Andreia’s paper on Artificial Moral Agents published

The paper “Perspectives about artificial moral agents” by Andreia Martinho, Adam Poulsen, Maarten Kroesen & Caspar Chorus is now published at AI and Ethics.

Artificial Moral Agents (AMAs) have long been featured in science fiction but recent advances in AI urged the need for a scientific debate about these systems. In this article published by Andreia Martinho, Maarten Kroesen, and Caspar Chorus, ethicists were surveyed on key issues associated with AMAs. In particular, we aim to gain insights about four fundamental questions regarding these systems: (i) Should AMAs be developed? (ii) How to develop AMAs? (iii) Do AMAs have moral agency? and (iv) What will be the moral and societal role of these systems? Five main perspectives were identified.

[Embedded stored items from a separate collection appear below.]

definition Ale :: "nat \<Rightarrow> nat \<Rightarrow> elt \<Rightarrow> elt \<Rightarrow> bool" where
  "Ale n p a b \<longleftrightarrow>
     (case a of (x, \<alpha>) \<Rightarrow> case b of (y, \<beta>) \<Rightarrow>
       (\<alpha> \<noteq> 0 \<and> \<alpha> \<le> \<beta> \<and> lex_le x y)
     \<or> (\<alpha> = 0 \<and> \<beta> = 0 \<and> lex_le y x)
     \<or> (\<alpha> = 0 \<and> \<beta> \<noteq> 0 \<and> lex_le (int n - 1, 0) (zadd x y)))"

definition Ajoin :: "nat \<Rightarrow> nat \<Rightarrow> elt \<Rightarrow> elt \<Rightarrow> elt" where
  "Ajoin n p a b = (THE c. c \<in> Acar n p \<and> Ale n p a c \<and> Ale n p b c \<and>
      (\<forall>d\<in>Acar n p. Ale n p a d \<and> Ale n p b d \<longrightarrow> Ale n p c d))"

definition Abot :: "nat \<Rightarrow> nat \<Rightarrow> elt" where
  "Abot n p = ((int n, 0), 0)"

definition Atop :: "nat \<Rightarrow> nat \<Rightarrow> elt" where
  "Atop n p = ((int n, 0), int p)"

definition Aodot :: "nat \<Rightarrow> nat \<Rightarrow> elt \<Rightarrow> elt \<Rightarrow> elt" where
  "Aodot n p a b =
     (case a of ((m, r), \<alpha>) \<Rightarrow> case b of ((k, s), \<beta>) \<Rightarrow>
       if 1 \<le> \<alpha> \<and> 1 \<le> \<beta> \<and> \<alpha> + \<beta> > int p then
         (Lw_star n (m, r) (k, s), \<alpha> + \<beta> - int p)
       else if 1 \<le> \<alpha> \<and> 1 \<le> \<beta> then
         (lmin (int n, 0) (2 * int n - (m + k + 1), - (r + s)), 0)
       else if 1 \<le> \<alpha> \<and> \<beta> = 0 then
         (Lw_impl n (m, r) (k, s), 0)
       else if \<alpha> = 0 \<and> 1 \<le> \<beta> then
         (Lw_impl n (k, s) (m, r), 0)
       else
         (lmin (int n, 0) (m + k + 1, r + s), 0))"

definition Aneg :: "nat \<Rightarrow> nat \<Rightarrow> elt \<Rightarrow> elt" where
  "Aneg n p a =
     (case a of ((m, r), \<alpha>) \<Rightarrow>
       if \<alpha> = 0 \<or> \<alpha> = int p then ((m, r), int p - \<alpha>)
       else ((int n - 1 - m, - r), int p - \<alpha>))"

definition Aimp :: "nat \<Rightarrow> nat \<Rightarrow> elt \<Rightarrow> elt \<Rightarrow> elt" where
  "Aimp n p a b = Aneg n p (Aodot n p a (Aneg n p b))"

primrec Apow :: "nat \<Rightarrow> nat \<Rightarrow> elt \<Rightarrow> nat \<Rightarrow> elt" where
  "Apow n p a 0 = Atop n p"
| "Apow n p a (Suc k) = Aodot n p a (Apow n p a k)"

definition Aoplus :: "nat \<Rightarrow> nat \<Rightarrow> elt \<Rightarrow> elt \<Rightarrow> elt" where
  "Aoplus n p a b = Aneg n p (Aodot n p (Aneg n p a) (Aneg n p b))"

primrec Atimes :: "nat \<Rightarrow> nat \<Rightarrow> nat \<Rightarrow> elt \<Rightarrow> elt" where
  "Atimes n p 0 a = Abot n p"
| "Atimes n p (Suc k) a = Aoplus n p a (Atimes n p k a)"

definition t_np :: "nat \<Rightarrow> nat \<Rightarrow> elt \<Rightarrow> elt" where
  "t_np n p a = Atimes n p (n + 1) (Apow n p a (max (n + 1) p))"

definition impl_filter :: "nat \<Rightarrow> nat \<Rightarrow> elt set \<Rightarrow> bool" where
  "impl_filter n p F \<longleftrightarrow> F \<subseteq> Acar n p \<and> Atop n p \<in> F \<and>
     (\<forall>a\<in>F. \<forall>b\<in>F. Aodot n p a b \<in> F) \<and>
     (\<forall>a\<in>F. \<forall>b\<in>Acar n p. Ale n p a b \<longrightarrow> b \<in> F)"

definition max_filter :: "nat \<Rightarrow> nat \<Rightarrow> elt set \<Rightarrow> bool" where
  "max_filter n p F \<longleftrightarrow> impl_filter n p F \<and> F \<noteq> Acar n p \<and>
     (\<forall>G. impl_filter n p G \<and> G \<noteq> Acar n p \<and> F \<subseteq> G \<longrightarrow> G = F)"

definition Rad :: "nat \<Rightarrow> nat \<Rightarrow> elt set" where
  "Rad n p = {a \<in> Acar n p. \<forall>F. max_filter n p F \<longrightarrow> a \<in> F}"

end

theory Submission
  imports Defs "HOL-Library.Product_Lexorder"
begin

text \<open>
  Let \<open>T\<close> be the top layer \<open>{(x, p)}\<close>. It is closed under \<open>\<odot>\<close> and upward closed, hence an
  implicative filter. Every \<open>a \<notin> T\<close> satisfies \<open>a\<^sup>k = \<bottom>\<close> for \<open>k \<ge> max (n + 1) p\<close>: each
  factor lowers the layer by the deficiency \<open>p - \<alpha> \<ge> 1\<close> until the product falls into the bottom
  layer, and from then on each factor pushes the first coordinate towards that of \<open>\<bottom>\<close>. So every
  proper filter lies in \<open>T\<close>, \<open>T\<close> is the only maximal filter and \<open>Rad = T\<close>. For \<open>x \<in> T\<close> the
  element \<open>\<sim>x\<close> lies in the bottom layer, so \<open>(n + 1).x = \<sim>((\<sim>x)\<^sup>n\<^sup>+\<^sup>1) = \<top>\<close>. Hence \<open>t\<^sub>n\<^sub>p\<close> is
  \<open>\<top>\<close> on \<open>T\<close> and \<open>\<bottom>\<close> off \<open>T\<close>, which gives (a) and (b). For (c), either \<open>a \<in> T\<close> or
  \<open>\<sim>(a\<^sup>p) \<in> T\<close>, and a join with an element of \<open>T\<close> stays in \<open>T\<close>.
\<close>

lemma lex_le_eq [simp]: "lex_le = (\<le>)"
  by (auto simp: fun_eq_iff lex_le_def less_eq_prod_def)

lemma lmin_eq [simp]: "lmin = min" and lmax_eq [simp]: "lmax = max"
  by (auto simp: fun_eq_iff lmin_def lmax_def min_def max_def)

lemma zadd_Pair [simp]: "zadd (a, b) (c, d) = (a + c, b + d)"
  and zsub_Pair [simp]: "zsub (a, b) (c, d) = (a - c, b - d)"
  by (simp_all add: zadd_def zsub_def)

lemma Acar_snd_bounds: "a \<in> Acar n p \<Longrightarrow> 0 \<le> snd a \<and> snd a \<le> int p"
  by (cases a) (auto simp: Acar_def)

lemma Abot_in_Acar: "Abot n p \<in> Acar n p"
  by (auto simp: Abot_def Acar_def Lw_def)

lemma Abot_neq_Atop: "p \<ge> 1 \<Longrightarrow> Abot n p \<noteq> Atop n p"
  by (simp add: Abot_def Atop_def)

definition top_layer :: "nat \<Rightarrow> nat \<Rightarrow> elt set" where
  "top_layer n p = {a \<in> Acar n p. snd a = int p}"

lemma Pair_mem_top_layer [simp]: "(x, \<alpha>) \<in> top_layer n p \<longleftrightarrow> x \<in> Lw n \<and> \<alpha> = int p"
  by (auto simp: top_layer_def Acar_def)

lemma Atop_mem_top_layer: "Atop n p \<in> top_layer n p"
  by (simp add: Atop_def Lw_def)

lemma Aneg_Aneg [simp]: "Aneg n p (Aneg n p a) = a"
  by (auto simp: Aneg_def split: prod.splits)

lemma Aneg_Atop [simp]: "Aneg n p (Atop n p) = Abot n p"
  and Aneg_Abot [simp]: "Aneg n p (Abot n p) = Atop n p"
  by (simp_all add: Aneg_def Atop_def Abot_def)

lemma Atimes_eq_Aneg_Apow_Aneg: "Atimes n p k a = Aneg n p (Apow n p (Aneg n p a) k)"
  by (induction k) (simp_all add: Aoplus_def)

lemma Apow_Atop [simp]: "p \<ge> 1 \<Longrightarrow> Apow n p (Atop n p) k = Atop n p"
  by (induction k) (auto simp: Atop_def Aodot_def Lw_star_def max_def)

lemma Atimes_Abot [simp]: "p \<ge> 1 \<Longrightarrow> Atimes n p k (Abot n p) = Abot n p"
  by (simp add: Atimes_eq_Aneg_Apow_Aneg)

lemma Acar_below_top_layerE:
  assumes "((m, r), \<alpha>) \<in> Acar n p" "\<alpha> \<noteq> int p"
  obtains "\<alpha> = 0" "(0, 0) \<le> (m, r)" "(m, r) \<le> (int n, 0)"
    | "0 < \<alpha>" "\<alpha> < int p" "(0, 0) \<le> (m, r)" "(m, r) \<le> (int n - 1, 0)"
  using assms unfolding Acar_def Lw_def by auto

lemma lex_step_bound:
  fixes y1 y2 d1 d2 :: int
  assumes "(int (min j n), 0) \<le> (y1, y2)" "(1, 0) \<le> (d1, d2)"
  shows "(int (min (Suc j) n), 0) \<le> min (int n, 0) (y1 + d1, y2 + d2)"
  using assms by auto

lemma Aodot_bottom_layer_step:
  assumes "((m, r), \<alpha>) \<in> Acar n p" "\<alpha> \<noteq> int p"
    and "(int (min j n), 0) \<le> (y1, y2)" "(y1, y2) \<le> (int n, 0)"
  shows "\<exists>y'. Aodot n p ((m, r), \<alpha>) ((y1, y2), 0) = (y', 0)
           \<and> (int (min (Suc j) n), 0) \<le> y' \<and> y' \<le> (int n, 0)"
  using assms(1,2)
proof (cases rule: Acar_below_top_layerE)
  case 1
  then have "Aodot n p ((m, r), \<alpha>) ((y1, y2), 0) = (min (int n, 0) (y1 + (m + 1), y2 + r), 0)"
    by (simp add: Aodot_def add_ac)
  moreover have "(1, 0) \<le> (m + 1, r)" using 1 by auto
  ultimately show ?thesis using lex_step_bound[OF assms(3), of "m + 1" r] by auto
next
  case 2
  then have "Aodot n p ((m, r), \<alpha>) ((y1, y2), 0) = (min (int n, 0) (y1 + (int n - m), y2 + - r), 0)"
    by (simp add: Aodot_def Lw_impl_def add_ac)
  moreover have "(1, 0) \<le> (int n - m, - r)" using 2 by auto
  ultimately show ?thesis using lex_step_bound[OF assms(3), of "int n - m" "- r"] by auto
qed

lemma Aodot_middle_layer_step:
  assumes "0 < \<alpha>" "\<alpha> < int p" "(0, 0) \<le> (m, r)" "(m, r) \<le> (int n - 1, 0)"
    and "1 \<le> \<beta>" "(0, 0) \<le> w" "w \<le> (int (n - Suc j), 0)"
  shows "if int p < \<alpha> + \<beta>
    then \<exists>w'. Aodot n p ((m, r), \<alpha>) (w, \<beta>) = (w', \<alpha> + \<beta> - int p)
           \<and> (0, 0) \<le> w' \<and> w' \<le> (int (n - Suc (Suc j)), 0)
    else \<exists>y. Aodot n p ((m, r), \<alpha>) (w, \<beta>) = (y, 0)
           \<and> (int (min (Suc j) n), 0) \<le> y \<and> y \<le> (int n, 0)"
  using assms by (cases w) (auto simp: Aodot_def Lw_star_def)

Perspectives about Artificial Moral Agents

The pursuit of AMAs is complicated. Disputes about the development, design, moral agency, and future projections for these systems have been reported in the literature. This empirical study explores these controversial matters by surveying (AI) Ethics scholars with the aim of establishing a more coherent and informed debate. Using Q-methodology, we show the wide breadth of viewpoints and approaches to artificial morality. Five main perspectives about AMAs emerged from our data and were subsequently interpreted and discussed: (i) Machine Ethics: The Way Forward; (ii) Ethical Verification: Safe and Sufficient; (iii) Morally Uncertain Machines: Human Values to Avoid Moral Dystopia; (iv) Human Exceptionalism: Machines Cannot Moralize; and (v) Machine Objectivism: Machines as Superior Moral Agents. A potential source of these differing perspectives is the failure of Machine Ethics to be widely observed or explored as an applied ethic and more than a futuristic end. Our study helps improve the foundations for an informed debate about AMAs, where contrasting views and agreements are disclosed and appreciated. Such debate is crucial to realize an interdisciplinary approach to artificial morality, which allows us to gain insights into morality while also engaging practitioners.